At the end of September, 271 predictions were submitted on the Web site that has been opened for this purpose at the European Bioinformatics Institute (Hinxton, UK). The submissions are being evaluated by comparison with the X-ray coordinates of the complexes, kindly communicated to S. Wodak prior to publication by the crystallographers who determined their structure.

Meanwhile, Round Two was being prepared. A set of three new targets, all complexes of the same protein antigen (an a-amylase) with three different camelide antibodies, was kindly presented by C. Cambillau (AFMB-CNRS, Marseille). Atomic coordinates for the component proteins will be made available to registered participants on Jan. 11, 2002, with a deadline of March. 30 for submitting predictions. Evaluation should be completed by the end of June.

The Evaluation Meeting

By the summer of 2002, blind predictions will have been made on at least six different protein-protein complexes by some twenty different procedures, and the results will have been compared to the experimental structures. There is a strong demand from both the predictors and the management committee for holding an evaluation meeting at this stage. Its major purposes will be to:

  1. validate and, if necessary, adjust the format of the prediction experiment itself: which targets are best suited? how should the predicted structures be presented? what criteria should be used for their evaluation?

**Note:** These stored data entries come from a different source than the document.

(* For $n\in\mathbb N$ let $T(n)=\{(1,0,0,n),(0,1,0,n),(0,0,1,n),(0,0,0,n)\}$. Fix $n\in\mathbb N$ and let $\sigma$ be a state whose type belongs to $T(n)$. Then $\sigma$ is $4$-interval nice.
   Context: $\mathcal U=\{0,\dots,2^m-1\}$, Ulam–Rényi game with at most 3 lies. A state is a map $\sigma:\mathcal U\to\{0,1,2,3,4\}$, type $(t_0,\dots,t_3)$ with $t_i=|\sigma^{-1}(i)|$, support $\Sigma=\{y:\sigma(y)<4\}$, final if $|\Sigma|\le1$. For $Q\subseteq\mathcal U$: $\sigma_{yes}(y)=\min\{\sigma(y)+[y\notin Q],4\}$, $\sigma_{no}(y)=\min\{\sigma(y)+[y\in Q],4\}$. An interval is $\emptyset$ or $\{x\in\mathcal U:a\le x\le b\}$; a 4-interval question is a union of at most 4 intervals. $w_q(\sigma)=\sum_{j=0}^3t_j\sum_{\ell=0}^{3-j}\binom q\ell$, $ch(\sigma)=\min\{q\ge0:w_q(\sigma)\le2^q\}$. A strategy of size $q$ for $\sigma$ is a complete binary tree of depth $q$ with internal nodes labelled by questions and edges by answers; winning if every leaf state is final. Well-shaped: order $\Sigma$ cyclically by the natural order of $\mathcal U$; $\mathcal L^\sigma$ is the minimum-length cyclic list of possibly empty arcs (consecutive blocks of $\Sigma$, each on a single level) partitioning $\Sigma$ with cyclically consecutive arcs on levels differing by exactly 1; $\sigma$ is well-shaped iff $\mathcal L^\sigma$ has exactly $2i+1$ arcs on level $i$ for $i=0,1,2$ and exactly 3 arcs on level 3. $\sigma$ is $4$-interval nice if it is well-shaped and there is a winning strategy for $\sigma$ of size $ch(\sigma)$ using only 4-interval questions. *)

theory Defs
  imports Main
begin

text \<open>Ulam-Renyi game with at most 3 lies over the universe U = {0,...,2^m - 1}.
  A state is a function nat => nat; only its values on U matter.\<close>

definition univ :: "nat \<Rightarrow> nat set" where
  "univ m = {0..<2^m}"

definition is_state :: "nat \<Rightarrow> (nat \<Rightarrow> nat) \<Rightarrow> bool" where
  "is_state m \<sigma> \<longleftrightarrow> (\<forall>y\<in>univ m. \<sigma> y \<le> 4)"

definition tcount :: "nat \<Rightarrow> (nat \<Rightarrow> nat) \<Rightarrow> nat \<Rightarrow> nat" where
  "tcount m \<sigma> i = card {y \<in> univ m. \<sigma> y = i}"

definition state_type :: "nat \<Rightarrow> (nat \<Rightarrow> nat) \<Rightarrow> nat \<times> nat \<times> nat \<times> nat" where
  "state_type m \<sigma> = (tcount m \<sigma> 0, tcount m \<sigma> 1, tcount m \<sigma> 2, tcount m \<sigma> 3)"

definition support :: "nat \<Rightarrow> (nat \<Rightarrow> nat) \<Rightarrow> nat set" where
  "support m \<sigma> = {y \<in> univ m. \<sigma> y < 4}"

definition final :: "nat \<Rightarrow> (nat \<Rightarrow> nat) \<Rightarrow> bool" where
  "final m \<sigma> \<longleftrightarrow> card (support m \<sigma>) \<le> 1"

definition ans_yes :: "(nat \<Rightarrow> nat) \<Rightarrow> nat set \<Rightarrow> nat \<Rightarrow> nat" where
  "ans_yes \<sigma> Q = (\<lambda>y. min (\<sigma> y + (if y \<notin> Q then 1 else 0)) 4)"

definition ans_no :: "(nat \<Rightarrow> nat) \<Rightarrow> nat set \<Rightarrow> nat \<Rightarrow> nat" where
  "ans_no \<sigma> Q = (\<lambda>y. min (\<sigma> y + (if y \<in> Q then 1 else 0)) 4)"

definition is_interval :: "nat \<Rightarrow> nat set \<Rightarrow> bool" where
  "is_interval m I \<longleftrightarrow> I = {} \<or> (\<exists>a b. I = {x \<in> univ m. a \<le> x \<and> x \<le> b})"

definition four_interval_question :: "nat \<Rightarrow> nat set \<Rightarrow> bool" where
  "four_interval_question m Q \<longleftrightarrow>
     (\<exists>Is. length Is \<le> 4 \<and> (\<forall>I\<in>set Is. is_interval m I) \<and> Q = \<Union>(set Is))"

definition weight :: "nat \<Rightarrow> (nat \<Rightarrow> nat) \<Rightarrow> nat \<Rightarrow> nat" where
  "weight m \<sigma> q = (\<Sum>j\<le>3. tcount m \<sigma> j * (\<Sum>l\<le>3 - j. q choose l))"

definition character :: "nat \<Rightarrow> (nat \<Rightarrow> nat) \<Rightarrow> nat" where
  "character m \<sigma> = (LEAST q. weight m \<sigma> q \<le> 2^q)"

datatype strategy = Leaf | Node "nat set" strategy strategy

fun complete_depth :: "strategy \<Rightarrow> nat \<Rightarrow> bool" where
  "complete_depth Leaf q \<longleftrightarrow> q = 0"
| "complete_depth (Node Q s t) q \<longleftrightarrow> q > 0 \<and> complete_depth s (q - 1) \<and> complete_depth t (q - 1)"

fun questions_ok :: "(nat set \<Rightarrow> bool) \<Rightarrow> strategy \<Rightarrow> bool" where
  "questions_ok P Leaf \<longleftrightarrow> True"
| "questions_ok P (Node Q s t) \<longleftrightarrow> P Q \<and> questions_ok P s \<and> questions_ok P t"

fun winning :: "nat \<Rightarrow> (nat \<Rightarrow> nat) \<Rightarrow> strategy \<Rightarrow> bool" where
  "winning m \<sigma> Leaf \<longleftrightarrow> final m \<sigma>"
| "winning m \<sigma> (Node Q s t) \<longleftrightarrow> winning m (ans_yes \<sigma> Q) s \<and> winning m (ans_no \<sigma> Q) t"
(* Let $(S,T_1,*,\equiv',1',\sigma_1',\bar\sigma_1')$ be a link model. Then there is a well-defined map $f:B_\infty\to S$ satisfying $f(1)=1'$, $f(\sigma_i)=T_1^{i-1}(\sigma_1')$ for all $i\in\mathbb{N}$ (with $T_1^0$ the identity), and $f(b_1\cdot b_2)=f(b_1)*f(b_2)$ for all $b_1,b_2\in B_\infty$.
   Context: Consider a first-order language with signature $(\cdot,T,\equiv,1,\sigma,\bar\sigma)$: $\cdot$ binary function, $T$ unary function, $\equiv$ binary predicate, constants $1,\sigma,\bar\sigma$. The link axioms are: $\forall x,y,z\ x\cdot(y\cdot z)=(x\cdot y)\cdot z$; $\forall x\ 1\cdot x=x$; $\forall x\ x\cdot 1=x$; $\sigma\cdot\bar\sigma=\bar\sigma\cdot\sigma=1$; $\forall x,y\ T(x\cdot y)=T(x)\cdot T(y)$; $T(1)=1$; $\sigma\cdot T(\sigma)\cdot\sigma=T(\sigma)\cdot\sigma\cdot T(\sigma)$; $\forall b\ \sigma\cdot T(T(b))=T(T(b))\cdot\sigma$; $\equiv$ is reflexive, symmetric and transitive; $\forall x,y,z\ (y\cdot z=1\to x\equiv y\cdot x\cdot z)$; $\forall x\ x\equiv\sigma\cdot T(x)$; $\forall x\ x\equiv\bar\sigma\cdot T(x)$. A link model is a structure satisfying these axioms; in $(S,T_1,*,\equiv',1',\sigma_1',\bar\sigma_1')$ the symbols $\cdot,T,\equiv,1,\sigma,\bar\sigma$ are interpreted by $*,T_1,\equiv',1',\sigma_1',\bar\sigma_1'$. $B_\infty$ is the group generated by $\{\sigma_i\}_{i\in\mathbb{N}}$ with relations $\sigma_i\sigma_j=\sigma_j\sigma_i$ for $i\ge j+2$ and $\sigma_i\sigma_{i+1}\sigma_i=\sigma_{i+1}\sigma_i\sigma_{i+1}$. *)

theory Defs
  imports Main
begin

definition link_model ::
  "('a \<Rightarrow> 'a \<Rightarrow> 'a) \<Rightarrow> ('a \<Rightarrow> 'a) \<Rightarrow> ('a \<Rightarrow> 'a \<Rightarrow> bool) \<Rightarrow> 'a \<Rightarrow> 'a \<Rightarrow> 'a \<Rightarrow> bool" where
  "link_model mult T eqv one sig sigb \<longleftrightarrow>
     (\<forall>x y z. mult x (mult y z) = mult (mult x y) z) \<and>
     (\<forall>x. mult one x = x) \<and>
     (\<forall>x. mult x one = x) \<and>
     mult sig sigb = one \<and> mult sigb sig = one \<and>
     (\<forall>x y. T (mult x y) = mult (T x) (T y)) \<and>
     T one = one \<and>
     mult (mult sig (T sig)) sig = mult (mult (T sig) sig) (T sig) \<and>
     (\<forall>b. mult sig (T (T b)) = mult (T (T b)) sig) \<and>
     (\<forall>x. eqv x x) \<and>
     (\<forall>x y. eqv x y \<longrightarrow> eqv y x) \<and>
     (\<forall>x y z. eqv x y \<longrightarrow> eqv y z \<longrightarrow> eqv x z) \<and>
     (\<forall>x y z. mult y z = one \<longrightarrow> eqv x (mult (mult y x) z)) \<and>
     (\<forall>x. eqv x (mult sig (T x))) \<and>
     (\<forall>x. eqv x (mult sigb (T x)))"

text \<open>A letter (k, True) stands for sigma_(k+1), (k, False) for its inverse.\<close>

type_synonym bword = "(nat \<times> bool) list"

inductive braid_eq :: "bword \<Rightarrow> bword \<Rightarrow> bool" where
  refl: "braid_eq w w"
| sym: "braid_eq v w \<Longrightarrow> braid_eq w v"
| trans: "braid_eq u v \<Longrightarrow> braid_eq v w \<Longrightarrow> braid_eq u w"
| ctxt: "braid_eq v w \<Longrightarrow> braid_eq (p @ v @ q) (p @ w @ q)"
| cancel: "braid_eq [(k, b), (k, \<not> b)] []"
| far: "i \<ge> j + 2 \<Longrightarrow> braid_eq [(i, True), (j, True)] [(j, True), (i, True)]"
| braid: "braid_eq [(i, True), (Suc i, True), (i, True)] [(Suc i, True), (i, True), (Suc i, True)]"

lemma equivp_braid_eq: "equivp braid_eq"
  by (intro equivpI reflpI sympI transpI) (auto intro: braid_eq.intros)

quotient_type braid = bword / braid_eq
  by (rule equivp_braid_eq)

lift_definition braid_one :: braid is "[]" .

lift_definition braid_mult :: "braid \<Rightarrow> braid \<Rightarrow> braid" is "(@)"
proof -
  fix a b c d :: bword
  assume h1: "braid_eq a b" and h2: "braid_eq c d"
  have "braid_eq ([] @ a @ c) ([] @ b @ c)" using h1 by (rule braid_eq.ctxt)
  moreover have "braid_eq (b @ c @ []) (b @ d @ [])" using h2 by (rule braid_eq.ctxt)
  ultimately show "braid_eq (a @ c) (b @ d)" by (auto intro: braid_eq.trans)
qed

lift_definition braid_gen :: "nat \<Rightarrow> braid" is "\<lambda>i. [(i - 1, True)]" .

end

theory Submission
  imports Defs
begin

text \<open>Sending \<sigma>_i to T^(i-1) \<sigma> respects the defining relations of B_\<infinity>: the
  inverse relations because every power of T is a monoid endomorphism, the braid relation
  by applying T^(i-1) to the axiom for \<sigma> and T \<sigma>, and far commutation because for
  i \<ge> j + 2 the image of \<sigma>_i is T^(j-1) applied to an element of the form T (T b), which
  commutes with \<sigma>.\<close>

locale braid_representation = monoid +
  fixes T :: "'a \<Rightarrow> 'a" and s sb :: 'a
  assumes s_sb: "s \<^bold>* sb = \<^bold>1" and sb_s: "sb \<^bold>* s = \<^bold>1"
    and T_mult: "T (x \<^bold>* y) = T x \<^bold>* T y" and T_one: "T \<^bold>1 = \<^bold>1"
    and braid_rel: "s \<^bold>* T s \<^bold>* s = T s \<^bold>* s \<^bold>* T s"
    and far_commute: "s \<^bold>* T (T b) = T (T b) \<^bold>* s"
begin

lemma funpow_T_mult: "(T ^^ k) (x \<^bold>* y) = (T ^^ k) x \<^bold>* (T ^^ k) y"
  by (induction k) (simp_all add: T_mult)

lemma funpow_T_one: "(T ^^ k) \<^bold>1 = \<^bold>1"
  by (induction k) (simp_all add: T_one)

lemma funpow_T_s_sb: "(T ^^ k) s \<^bold>* (T ^^ k) sb = \<^bold>1"
  and funpow_T_sb_s: "(T ^^ k) sb \<^bold>* (T ^^ k) s = \<^bold>1"
  by (simp_all only: funpow_T_mult[symmetric] s_sb sb_s funpow_T_one)

lemma funpow_T_braid_rel:
  "(T ^^ i) s \<^bold>* (T ^^ Suc i) s \<^bold>* (T ^^ i) s = (T ^^ Suc i) s \<^bold>* (T ^^ i) s \<^bold>* (T ^^ Suc i) s"
proof -
  have "(T ^^ Suc i) s = (T ^^ i) (T s)"
    by (simp only: funpow_Suc_right comp_def)
  then show ?thesis
    using arg_cong[OF braid_rel, of "T ^^ i"] by (simp only: funpow_T_mult)
qed

lemma funpow_T_far_commute:
  assumes "i \<ge> j + 2"
  shows "(T ^^ i) s \<^bold>* (T ^^ j) s = (T ^^ j) s \<^bold>* (T ^^ i) s"
proof -
  obtain d where "i = j + 2 + d" using le_Suc_ex[OF assms] by blast
  then have "(T ^^ i) s = (T ^^ j) (T (T ((T ^^ d) s)))"
    by (simp only: funpow_add comp_apply numeral_2_eq_2 funpow.simps id_apply)
  then show ?thesis
    by (simp only: funpow_T_mult[symmetric] far_commute)
qed

fun eval_word :: "bword \<Rightarrow> 'a" where
  "eval_word [] = \<^bold>1"
| "eval_word ((k, b) # w) = (T ^^ k) (if b then s else sb) \<^bold>* eval_word w"

lemma eval_word_append: "eval_word (v @ w) = eval_word v \<^bold>* eval_word w"
  by (induction v) (auto simp: assoc)

lemma eval_word_respects_braid_eq: "braid_eq v w \<Longrightarrow> eval_word v = eval_word w"
proof (induction rule: braid_eq.induct)
  case (ctxt v w p q)
  then show ?case by (simp add: eval_word_append)
next
  case (cancel k b)
  show ?case by (simp add: funpow_T_s_sb funpow_T_sb_s)
next
  case (far i j)
  show ?case by (simp add: funpow_T_far_commute[OF far.hyps])
next
  case (braid i)
  show ?case using funpow_T_braid_rel by (simp add: assoc)
qed simp_all

lift_definition eval_braid :: "braid \<Rightarrow> 'a" is eval_word
  by (rule eval_word_respects_braid_eq)

lemma eval_braid_one: "eval_braid braid_one = \<^bold>1"
  by transfer simp

lemma eval_braid_gen: "eval_braid (braid_gen i) = (T ^^ (i - 1)) s"
  by transfer simp

lemma eval_braid_mult: "eval_braid (braid_mult b1 b2) = eval_braid b1 \<^bold>* eval_braid b2"
  by transfer (rule eval_word_append)

end

lemma link_model_braid_representation:
  assumes "link_model mult T eqv one sig sigb"
  shows "braid_representation mult one T sig sigb"
  using assms unfolding link_model_def
  by unfold_locales (simp_all add: ac_simps)

theorem lemma6p3:
  fixes mult :: "'a \<Rightarrow> 'a \<Rightarrow> 'a" and T :: "'a \<Rightarrow> 'a" and eqv :: "'a \<Rightarrow> 'a \<Rightarrow> bool"
    and one sig sigb :: 'a
  assumes "link_model mult T eqv one sig sigb"
  shows "\<exists>f :: braid \<Rightarrow> 'a.
           f braid_one = one \<and>
           (\<forall>i::nat. i \<ge> 1 \<longrightarrow> f (braid_gen i) = (T ^^ (i - 1)) sig) \<and>
           (\<forall>b1 b2. f (braid_mult b1 b2) = mult (f b1) (f b2))"
proof -
  interpret braid_representation mult one T sig sigb
    using assms by (rule link_model_braid_representation)
  show ?thesis
    using eval_braid_one eval_braid_gen eval_braid_mult by blast
qed

end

  2. assess the performances of docking algorithms, scoring functions and other elements of the procedures used for prediction

  3. evaluate progress in the field: are we getting closer to efficient and reliable methods for predicting protein-protein interaction?

The CAPRI Evaluation Meeting will be similar to the CASP evaluation meetings which have been held every other year in Asilomar (California) since 1994. These meetings have been extremely stimulating to all participants and brought entirely new point of views on protein structure prediction. We hope that, like the Asilomar meetings, the meeting in La Londe des Maures will foster new ideas and give a strong impetus to the field.